The latest, Endomagnetics, cost the company $310M for $35M in revenue, which is admittedly steep, but breast surgery localization and lymphatic tracing technology is very complementary with the existing business and given that most of Endomagnetics’s sales have been through indirect distributors, there’s a meaningful execution-based sales growth opportunity here.
The Outlook
The biggest issue I still have with Hologic is that I think management’s 5% to 7% growth target will be tough to reach. I’m looking for long-term growth of around 5%, and while I do think there are attractive opportunities in areas like MDx, there are limits to how fast you can develop new panels and how many panels can really move the needle on revenue. M&A could boost that revenue figure, but I don’t model in any assumed M&A.
As far as positive drivers go, new screening guidelines from the USPSTF did lower the recommended age of breast cancer screenings to 40 (from 50), but still recommend every other year screening (as opposed to annual screening that some want to see). New guidelines for HPV and cervical cancer screening will come out at some point, but I see more risk than benefit here, as the task force could opt to recommend primarily HPV testing versus the co-testing that is the current standard of practice.
On the margin side, Hologic isn’t going to enjoy the windfall profit margins that the pandemic allowed, so 40%+ EBITDA margins are not a reasonable expectation. Still, the margin of around 32% compares pretty well to most peers, and I expect that to improve almost a point to over 33% next year, with further growth still possible beyond that. I do think that free cash flow margin can move from the low-to-mid-20%’s to the mid-to-high-20%’s over time, driving around 6% annualized FCF growth.

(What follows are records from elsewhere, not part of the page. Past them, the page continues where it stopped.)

definition complete_vertices :: "nat \<Rightarrow> nat set" where "complete_vertices t = {0..<t}"
definition complete_adj :: "nat \<Rightarrow> nat \<Rightarrow> nat \<Rightarrow> bool" where
  "complete_adj t a b \<longleftrightarrow> a < t \<and> b < t \<and> a \<noteq> b"

definition direct_prod_vertices :: "'a set \<Rightarrow> 'b set \<Rightarrow> ('a \<times> 'b) set" where
  "direct_prod_vertices VG VH = VG \<times> VH"
definition direct_prod_adj :: "('a \<Rightarrow> 'a \<Rightarrow> bool) \<Rightarrow> ('b \<Rightarrow> 'b \<Rightarrow> bool) \<Rightarrow> 'a \<times> 'b \<Rightarrow> 'a \<times> 'b \<Rightarrow> bool" where
  "direct_prod_adj EG EH x y \<longleftrightarrow> EG (fst x) (fst y) \<and> EH (snd x) (snd y)"

end

theory Submission
  imports Defs
begin

text \<open>
  For \<open>t \<ge> 3\<close> the distance between \<open>(i, a)\<close> and \<open>(j, b)\<close> in \<open>P\<^sub>r \<times> K\<^sub>t\<close> is \<open>|i - j|\<close> unless
  the rows are equal or adjacent. In a connected graph, a vertex \<open>v\<close> that is maximally distant
  from \<open>u\<close> (no neighbour of \<open>v\<close> is farther from \<open>u\<close>) never lies on a geodesic from \<open>u\<close> to
  another vertex, so a pair of mutually maximally distant vertices is strongly resolved only by
  its own members and every strong resolving set meets it. For each colour \<open>a\<close> the vertices
  \<open>(i, a)\<close>, \<open>(i + 1, a)\<close> of adjacent rows are mutually maximally distant, and so are \<open>(0, a)\<close>,
  \<open>(r - 1, a)\<close> when \<open>r \<ge> 3\<close>; hence a strong resolving set contains at least \<open>\<lceil>r/2\<rceil>\<close> vertices
  of every colour. Conversely, the vertices in even rows form a strong resolving set.
\<close>

abbreviation walk_from_to :: "'a set \<Rightarrow> ('a \<Rightarrow> 'a \<Rightarrow> bool) \<Rightarrow> 'a \<Rightarrow> 'a \<Rightarrow> 'a list \<Rightarrow> bool" where
  "walk_from_to V E u v xs \<equiv> is_walk V E xs \<and> hd xs = u \<and> last xs = v"

definition walk_connected :: "'a set \<Rightarrow> ('a \<Rightarrow> 'a \<Rightarrow> bool) \<Rightarrow> bool" where
  "walk_connected V E \<longleftrightarrow> (\<forall>u\<in>V. \<forall>v\<in>V. \<exists>xs. walk_from_to V E u v xs)"

lemma is_walk_Cons:
  "is_walk V E (x # ys) \<longleftrightarrow> x \<in> V \<and> (ys = [] \<or> is_walk V E ys \<and> E x (hd ys))"
proof (cases ys)
  case (Cons y zs)
  have "(\<forall>i < length ys. E ((x # ys) ! i) (ys ! i)) \<longleftrightarrow>
        E x y \<and> (\<forall>i. Suc i < length ys \<longrightarrow> E (ys ! i) (ys ! Suc i))"
    using Cons by (simp add: All_less_Suc2)
  then show ?thesis using Cons by (simp add: is_walk_def conj_ac)
qed (simp add: is_walk_def)

lemma is_walk_rev: "is_walk V E xs \<Longrightarrow> (\<And>x y. E x y \<Longrightarrow> E y x) \<Longrightarrow> is_walk V E (rev xs)"
  unfolding is_walk_def
proof (intro conjI allI impI)
  fix i assume h: "xs \<noteq> [] \<and> set xs \<subseteq> V \<and> (\<forall>i. Suc i < length xs \<longrightarrow> E (xs ! i) (xs ! Suc i))"
    and s: "\<And>x y. E x y \<Longrightarrow> E y x" and i: "Suc i < length (rev xs)"
  have "E (xs ! (length xs - Suc (Suc i))) (xs ! Suc (length xs - Suc (Suc i)))"
    using h i by auto
  moreover have "Suc (length xs - Suc (Suc i)) = length xs - Suc i" using i by simp
  ultimately show "E (rev xs ! i) (rev xs ! Suc i)" using i s by (simp add: rev_nth)
qed auto

lemma walk_from_to_append:
  assumes xs: "walk_from_to V E u w xs" and ys: "walk_from_to V E w v ys"
  shows "walk_from_to V E u v (xs @ tl ys)" and "length (xs @ tl ys) = length xs + length ys - 1"
proof -
  have "is_walk V E (xs @ tl ys)" using xs ys
  proof (induction xs arbitrary: u)
    case (Cons x xs)
    then show ?case by (cases xs; cases ys) (auto simp: is_walk_Cons)
  qed (simp add: is_walk_def)
  moreover have "xs \<noteq> []" "ys \<noteq> []" using xs ys by (auto simp: is_walk_def)
  moreover have "last (xs @ tl ys) = v"
    using xs ys \<open>ys \<noteq> []\<close> by (cases ys rule: list.exhaust) (auto split: if_splits)
  ultimately show "walk_from_to V E u v (xs @ tl ys)" "length (xs @ tl ys) = length xs + length ys - 1"
    using xs by (simp_all add: Suc_leI)
qed

lemma walk_from_to_split:
  assumes xs: "walk_from_to V E u v xs" and p: "p < length xs"
  shows "walk_from_to V E u (xs ! p) (take (Suc p) xs)" and "walk_from_to V E (xs ! p) v (drop p xs)"
proof -
  have "is_walk V E (take (Suc p) xs)"
    using xs p set_take_subset[of "Suc p" xs] unfolding is_walk_def by (auto simp: nth_take)
  moreover have "is_walk V E (drop p xs)"
    using xs p set_drop_subset[of p xs] unfolding is_walk_def by (auto simp: nth_drop)
  moreover have "hd (take (Suc p) xs) = u"
    using xs by (simp add: hd_take)
  moreover have "last (take (Suc p) xs) = xs ! p"
    using p by (simp add: take_Suc_conv_app_nth)
  moreover have "hd (drop p xs) = xs ! p" "last (drop p xs) = v"
    using xs p by (simp_all add: hd_drop_conv_nth)
  ultimately show "walk_from_to V E u (xs ! p) (take (Suc p) xs)" "walk_from_to V E (xs ! p) v (drop p xs)"
    by simp_all
qed

lemma gdist_less_length:
  assumes "walk_from_to V E u v xs"
  shows "gdist V E u v < length xs"
proof -
  have "length xs = Suc (length xs - 1)" using assms by (cases xs) (auto simp: is_walk_def)
  then have "gdist V E u v \<le> length xs - 1"
    unfolding gdist_def using assms by (intro Least_le) metis
  then show ?thesis using assms by (cases xs) (auto simp: is_walk_def)
qed

lemma gdist_shortest_walk:
  assumes "walk_from_to V E u v xs"
  obtains ys where "walk_from_to V E u v ys" and "length ys = Suc (gdist V E u v)"
proof -
  have "\<exists>n ys. is_walk V E ys \<and> hd ys = u \<and> last ys = v \<and> length ys = Suc n"
    using assms by (intro exI[of _ "length xs - 1"] exI[of _ xs]) (auto simp: is_walk_def)
  from LeastI_ex[OF this] show ?thesis
    using that unfolding gdist_def by blast
qed

lemma gdist_eqI:
  assumes xs: "walk_from_to V E u v xs" "length xs = Suc d"
    and shortest: "\<And>ys. walk_from_to V E u v ys \<Longrightarrow> d < length ys"
  shows "gdist V E u v = d"
proof -
  obtain ys where "walk_from_to V E u v ys" "length ys = Suc (gdist V E u v)"
    using gdist_shortest_walk[OF xs(1)] .
  then have "d \<le> gdist V E u v" using shortest by fastforce
  moreover have "gdist V E u v \<le> d" using gdist_less_length[OF xs(1)] xs(2) by simp
  ultimately show ?thesis by simp
qed

lemma connected_shortest_walk:
  assumes "walk_connected V E" and "u \<in> V" "v \<in> V"
  obtains xs where "walk_from_to V E u v xs" and "length xs = Suc (gdist V E u v)"
proof -
  obtain ys where "walk_from_to V E u v ys" using assms unfolding walk_connected_def by blast
  from gdist_shortest_walk[OF this] that show ?thesis by blast
qed

lemma gdist_triangle:
  assumes conn: "walk_connected V E" and "u \<in> V" "w \<in> V" "v \<in> V"
  shows "gdist V E u v \<le> gdist V E u w + gdist V E w v"
proof -
  obtain xs where xs: "walk_from_to V E u w xs" "length xs = Suc (gdist V E u w)"
    using connected_shortest_walk[OF conn] assms by blast
  obtain ys where ys: "walk_from_to V E w v ys" "length ys = Suc (gdist V E w v)"
    using connected_shortest_walk[OF conn] assms by blast
  show ?thesis
    using gdist_less_length[OF walk_from_to_append(1)[OF xs(1) ys(1)]]
      walk_from_to_append(2)[OF xs(1) ys(1)] xs(2) ys(2) by simp
qed

lemma interval_iff_gdist:
  assumes conn: "walk_connected V E" and u: "u \<in> V" and v: "v \<in> V"
  shows "w \<in> interval V E u v \<longleftrightarrow> w \<in> V \<and> gdist V E u w + gdist V E w v = gdist V E u v"
proof
  assume "w \<in> interval V E u v"
  then obtain xs where xs: "walk_from_to V E u v xs" "length xs = Suc (gdist V E u v)" "w \<in> set xs"
    unfolding interval_def by blast
  obtain p where p: "p < length xs" "xs ! p = w" using xs(3) by (meson in_set_conv_nth)
  have "gdist V E u w < length (take (Suc p) xs)"
    using gdist_less_length[OF walk_from_to_split(1)[OF xs(1) p(1)]] p(2) by simp
  moreover have "gdist V E w v < length (drop p xs)"
    using gdist_less_length[OF walk_from_to_split(2)[OF xs(1) p(1)]] p(2) by simp
  moreover have w: "w \<in> V" using xs(1,3) unfolding is_walk_def by blast
  ultimately have "gdist V E u w + gdist V E w v \<le> gdist V E u v"
    using p(1) xs(2) by simp
  then show "w \<in> V \<and> gdist V E u w + gdist V E w v = gdist V E u v"
    using gdist_triangle[OF conn u w v] w by simp
next
  assume w: "w \<in> V \<and> gdist V E u w + gdist V E w v = gdist V E u v"
  obtain xs where xs: "walk_from_to V E u w xs" "length xs = Suc (gdist V E u w)"
    using connected_shortest_walk[OF conn] u w by blast
  obtain ys where ys: "walk_from_to V E w v ys" "length ys = Suc (gdist V E w v)"
    using connected_shortest_walk[OF conn] v w by blast
  have "w \<in> set (xs @ tl ys)" using xs(1) last_in_set[of xs] unfolding is_walk_def by auto
  moreover have "length (xs @ tl ys) = Suc (gdist V E u v)"
    using walk_from_to_append(2)[OF xs(1) ys(1)] xs(2) ys(2) w by simp
  ultimately show "w \<in> interval V E u v"
    using walk_from_to_append(1)[OF xs(1) ys(1)] unfolding interval_def by blast
qed

definition maximally_distant :: "'a set \<Rightarrow> ('a \<Rightarrow> 'a \<Rightarrow> bool) \<Rightarrow> 'a \<Rightarrow> 'a \<Rightarrow> bool" where
  "maximally_distant V E u v \<longleftrightarrow> (\<forall>x\<in>V. E v x \<longrightarrow> gdist V E u x \<le> gdist V E u v)"

lemma gdist_step_towards:
  assumes conn: "walk_connected V E" and "v \<in> V" "w \<in> V" "v \<noteq> w"
  obtains x where "x \<in> V" "E v x" "Suc (gdist V E x w) \<le> gdist V E v w"
proof -
  obtain xs where xs: "walk_from_to V E v w xs" "length xs = Suc (gdist V E v w)"
    using connected_shortest_walk[OF conn] assms by blast
  then obtain x ys where xys: "xs = v # x # ys"
    using \<open>v \<noteq> w\<close> by (cases xs rule: remdups_adj.cases) (auto simp: is_walk_def)
  then have "x \<in> V" "E v x" "walk_from_to V E x w (x # ys)"
    using xs(1) by (auto simp: is_walk_Cons)
  moreover have "Suc (gdist V E x w) \<le> gdist V E v w"
    using gdist_less_length[OF \<open>walk_from_to V E x w (x # ys)\<close>] xs(2) xys by simp
  ultimately show ?thesis using that by blast
qed

lemma not_in_interval_if_maximally_distant:
  assumes conn: "walk_connected V E" and u: "u \<in> V" and v: "v \<in> V" and w: "w \<in> V"
    and md: "maximally_distant V E u v" and "w \<noteq> v"
  shows "v \<notin> interval V E u w"
proof
  assume "v \<in> interval V E u w"
  then have on_geodesic: "gdist V E u v + gdist V E v w = gdist V E u w"
    using interval_iff_gdist[OF conn u w] by blast
  obtain x where x: "x \<in> V" "E v x" "Suc (gdist V E x w) \<le> gdist V E v w"
    using gdist_step_towards[OF conn v w] \<open>w \<noteq> v\<close> by metis
  have "gdist V E u w \<le> gdist V E u x + gdist V E x w" using gdist_triangle[OF conn u x(1) w] .
  also have "\<dots> \<le> gdist V E u v + gdist V E x w" using md x by (simp add: maximally_distant_def)
  finally show False using on_geodesic x(3) by linarith
qed

lemma strong_resolving_set_meets_mutually_maximally_distant:
  assumes S: "strong_resolving_set V E S" and conn: "walk_connected V E"
    and u: "u \<in> V" and v: "v \<in> V" and "u \<noteq> v"
    and md: "maximally_distant V E u v" "maximally_distant V E v u"
  shows "u \<in> S \<or> v \<in> S"
proof -
  obtain w where w: "w \<in> S" "strongly_resolves V E w u v"
    using S u v \<open>u \<noteq> v\<close> unfolding strong_resolving_set_def by blast
  have "w \<in> V" using S w(1) by (auto simp: strong_resolving_set_def)
  then have "w = u \<or> w = v"
    using w(2) not_in_interval_if_maximally_distant[OF conn u v _ md(1)]
      not_in_interval_if_maximally_distant[OF conn v u _ md(2)]
    unfolding strongly_resolves_def by blast
  then show ?thesis using w(1) by blast
qed

definition pk_vertices :: "nat \<Rightarrow> nat \<Rightarrow> (nat \<times> nat) set" where
  "pk_vertices r t = {..<r} \<times> {..<t}"

definition pk_adj :: "nat \<Rightarrow> nat \<Rightarrow> nat \<times> nat \<Rightarrow> nat \<times> nat \<Rightarrow> bool" where
  "pk_adj r t x y \<longleftrightarrow> (fst y = Suc (fst x) \<or> fst x = Suc (fst y)) \<and> fst x < r \<and> fst y < r
     \<and> snd x \<noteq> snd y \<and> snd x < t \<and> snd y < t"

lemma direct_prod_path_complete_vertices:
  "direct_prod_vertices (path_vertices r) (complete_vertices t) = pk_vertices r t"
  by (simp add: direct_prod_vertices_def path_vertices_def complete_vertices_def pk_vertices_def
      atLeast0LessThan)

lemma direct_prod_path_complete_adj:
  "direct_prod_adj (path_adj r) (complete_adj t) = pk_adj r t"
  by (auto simp: fun_eq_iff direct_prod_adj_def path_adj_def complete_adj_def pk_adj_def)

lemma pk_adj_sym: "pk_adj r t x y \<Longrightarrow> pk_adj r t y x"
  by (auto simp: pk_adj_def)

text \<open>Valid for \<open>r \<ge> 2\<close> and \<open>t \<ge> 3\<close>: every step changes the row by one and a third colour is
  always available, so rows at distance at least 2 are joined along any colours; two colours in
  one row need a detour through a neighbouring row, and one colour in neighbouring rows needs
  three steps by parity.\<close>
definition pk_dist :: "nat \<times> nat \<Rightarrow> nat \<times> nat \<Rightarrow> nat" where
  "pk_dist u v =
     (if fst u = fst v then (if snd u = snd v then 0 else 2)
      else if fst u = Suc (fst v) \<or> fst v = Suc (fst u) then (if snd u = snd v then 3 else 1)
      else (fst u - fst v) + (fst v - fst u))"

lemma pk_dist_sym: "pk_dist u v = pk_dist v u"
  by (auto simp: pk_dist_def)

lemma walk_row_displacement:
  assumes "is_walk V (pk_adj r t) xs" and "k < length xs"
  shows "(fst (xs ! 0) - fst (xs ! k)) + (fst (xs ! k) - fst (xs ! 0)) \<le> k
    \<and> even (k + fst (xs ! 0) + fst (xs ! k))"
  using assms(2)
proof (induction k)
  case (Suc k)
  then have "pk_adj r t (xs ! k) (xs ! Suc k)" using assms(1) unfolding is_walk_def by simp
  then have "fst (xs ! Suc k) = Suc (fst (xs ! k)) \<or> fst (xs ! k) = Suc (fst (xs ! Suc k))"
    by (simp add: pk_adj_def)
  with Suc show ?case by auto
qed simp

Between discounted free cash flow and growth/margin-driven EV/revenue, I think Hologic trades pretty much where it ought to; discounted cash flow suggests high single-digit annualized return potential, while growth and margins support a 4.75x forward revenue margin that works out to a fair value of about $83.
The Bottom Line
It’s possible that med-tech, which has re-rated up off the lows of the fall of 2023 could re-rate higher, but I don’t like counting on that given that valuations are pretty close to longer-term normal levels now. Likewise, Hologic could outperform my expectations or find value-additive M&A. As is, though, I think this is a decent enough hold, but I don’t see the upside I’d like to see before getting more bullish.